(PROBLEM STATEMENT):
Transcribe the records below exactly as written, from the opening line through the line that contains "text \<open>Every boosting".

★ ★ ★ ★ ★ ★ ★

primrec boost :: "('x \<Rightarrow> 'h::real_inner) \<Rightarrow> ('x \<Rightarrow> 'x \<Rightarrow> real) \<Rightarrow> real
                  \<Rightarrow> ('n::finite \<Rightarrow> 'x) \<Rightarrow> real^'n \<Rightarrow> nat \<Rightarrow> 'h" where
  "boost kx K lam xs y 0 = 0"
| "boost kx K lam xs y (Suc m) =
     boost kx K lam xs y m +
     krr kx K lam xs (\<chi> l. y $ l - rk_eval kx (boost kx K lam xs y m) (xs l))"

end

theory Submission
  imports Defs
begin

text \<open>Every boosting iterate is a kernel expansion \<open>\<Sum>\<^sub>l c\<^sub>l K(\<cdot>, x\<^sub>l)\<close>; by the reproducing
property its values at the data are \<open>N G c\<close> and its squared norm is \<open>N c\<^sup>T G c\<close>, so boosting
becomes a linear recursion for the coefficient vector \<open>c\<^sub>m\<close>. Writing \<open>G = U \<Lambda> U\<^sup>T\<close>, all matrices
involved are diagonalised by \<open>U\<close>, and in the eigenbasis the recursion decouples into the scalar
recursions \<open>q\<^sub>m\<^sub>+\<^sub>1 = q\<^sub>m + d (1 - q\<^sub>m)\<close> for the shrinkage factors \<open>q\<^sub>m = 1 - (1 - d)\<^sup>m\<close>, giving
\<open>c\<^sub>m = N\<^sup>-\<^sup>1 U (q\<^sub>m / \<mu>) U\<^sup>T y\<close>. The eigenvalues are nonzero because \<open>G\<close> is invertible and nonnegative
because \<open>G\<close> is a Gram matrix, so \<open>\<mu> + \<lambda> > 0\<close>.\<close>

lemma matrix_inv_eqI:
  fixes A B :: "'a::field^'n^'n"
  assumes "A ** B = mat 1"
  shows "matrix_inv A = B"
proof -
  have "B ** A = mat 1" using assms matrix_left_right_inverse by blast
  with assms have "\<exists>A'. A ** A' = mat 1 \<and> A' ** A = mat 1" by blast
  then have "matrix_inv A ** A = mat 1"
    unfolding matrix_inv_def by (metis (mono_tags, lifting) someI_ex)
  then show ?thesis by (metis assms matrix_mul_assoc matrix_mul_lid matrix_mul_rid)
qed

lemma diag_mat_mult_vec: "diag_mat a *v w = a * w"
  by (simp add: diag_mat_def matrix_vector_mult_def vec_eq_iff if_distrib[of "\<lambda>x. x * _"] cong: if_cong)

lemma diag_mat_mult: "diag_mat a ** diag_mat b = diag_mat (a * b)"
  by (simp add: matrix_eq diag_mat_mult_vec mult.assoc flip: matrix_vector_mul_assoc)

lemma mat_1_eq_diag_mat: "mat 1 = diag_mat 1"
  by (simp add: diag_mat_def mat_def vec_eq_iff)

lemma diag_mat_diff: "diag_mat a - diag_mat b = diag_mat (a - b)"
  by (simp add: diag_mat_def vec_eq_iff)

lemma mat_pow_diag_mat: "mat_pow (diag_mat a) k = diag_mat (a ^ k)"
  by (induction k) (simp_all add: mat_pow_def mat_1_eq_diag_mat diag_mat_mult)

lemma matrix_inv_diag_mat:
  assumes "\<And>i. a $ i \<noteq> 0"
  shows "matrix_inv (diag_mat a) = diag_mat (\<chi> i. 1 / a $ i)"
proof (rule matrix_inv_eqI)
  have "a * (\<chi> i. 1 / a $ i) = 1" by (simp add: vec_eq_iff assms)
  then show "diag_mat a ** diag_mat (\<chi> i. 1 / a $ i) = mat 1"
    by (simp add: diag_mat_mult mat_1_eq_diag_mat)
qed

lemma orthogonal_matrix_inner:
  fixes U :: "real^'n^'n"
  assumes "orthogonal_matrix U"
  shows "(U *v v) \<bullet> (U *v w) = v \<bullet> w"
  using assms orthogonal_transformation_matrix[of "(*v) U"]
  by (simp add: orthogonal_transformation_def)

lemma orthogonal_matrix_transpose_mult_vec:
  assumes "orthogonal_matrix U"
  shows "transpose U *v (U *v w) = w" and "U *v (transpose U *v w) = w"
  using assms by (simp_all add: orthogonal_matrix_def matrix_vector_mul_assoc)

lemma orthogonal_conj_diag_mult_vec:
  assumes "orthogonal_matrix U"
  shows "(U ** diag_mat a ** transpose U) *v (U *v w) = U *v (a * w)"
  by (simp only: matrix_vector_mul_assoc[symmetric] orthogonal_matrix_transpose_mult_vec[OF assms]
      diag_mat_mult_vec)

lemma orthogonal_conj_eqI:
  fixes U A B :: "real^'n^'n"
  assumes "orthogonal_matrix U" and "\<And>w. A *v (U *v w) = B *v (U *v w)"
  shows "A = B"
  unfolding matrix_eq
  by (metis assms orthogonal_matrix_transpose_mult_vec(2))

lemma orthogonal_conj_diag_mult:
  assumes "orthogonal_matrix U"
  shows "(U ** diag_mat a ** transpose U) ** (U ** diag_mat b ** transpose U)
    = U ** diag_mat (a * b) ** transpose U"
  by (rule orthogonal_conj_eqI[OF assms])
    (metis orthogonal_conj_diag_mult_vec[OF assms] matrix_vector_mul_assoc mult.assoc)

★ ★ ★ ★ ★ ★ ★

(EXERCISE SOLUTION):
primrec boost :: "('x \<Rightarrow> 'h::real_inner) \<Rightarrow> ('x \<Rightarrow> 'x \<Rightarrow> real) \<Rightarrow> real
                  \<Rightarrow> ('n::finite \<Rightarrow> 'x) \<Rightarrow> real^'n \<Rightarrow> nat \<Rightarrow> 'h" where
  "boost kx K lam xs y 0 = 0"
| "boost kx K lam xs y (Suc m) =
     boost kx K lam xs y m +
     krr kx K lam xs (\<chi> l. y $ l - rk_eval kx (boost kx K lam xs y m) (xs l))"

end

theory Submission
  imports Defs
begin

text \<open>Every boosting iterate is a kernel expansion \<open>\<Sum>\<^sub>l c\<^sub>l K(\<cdot>, x\<^sub>l)\<close>; by the reproducing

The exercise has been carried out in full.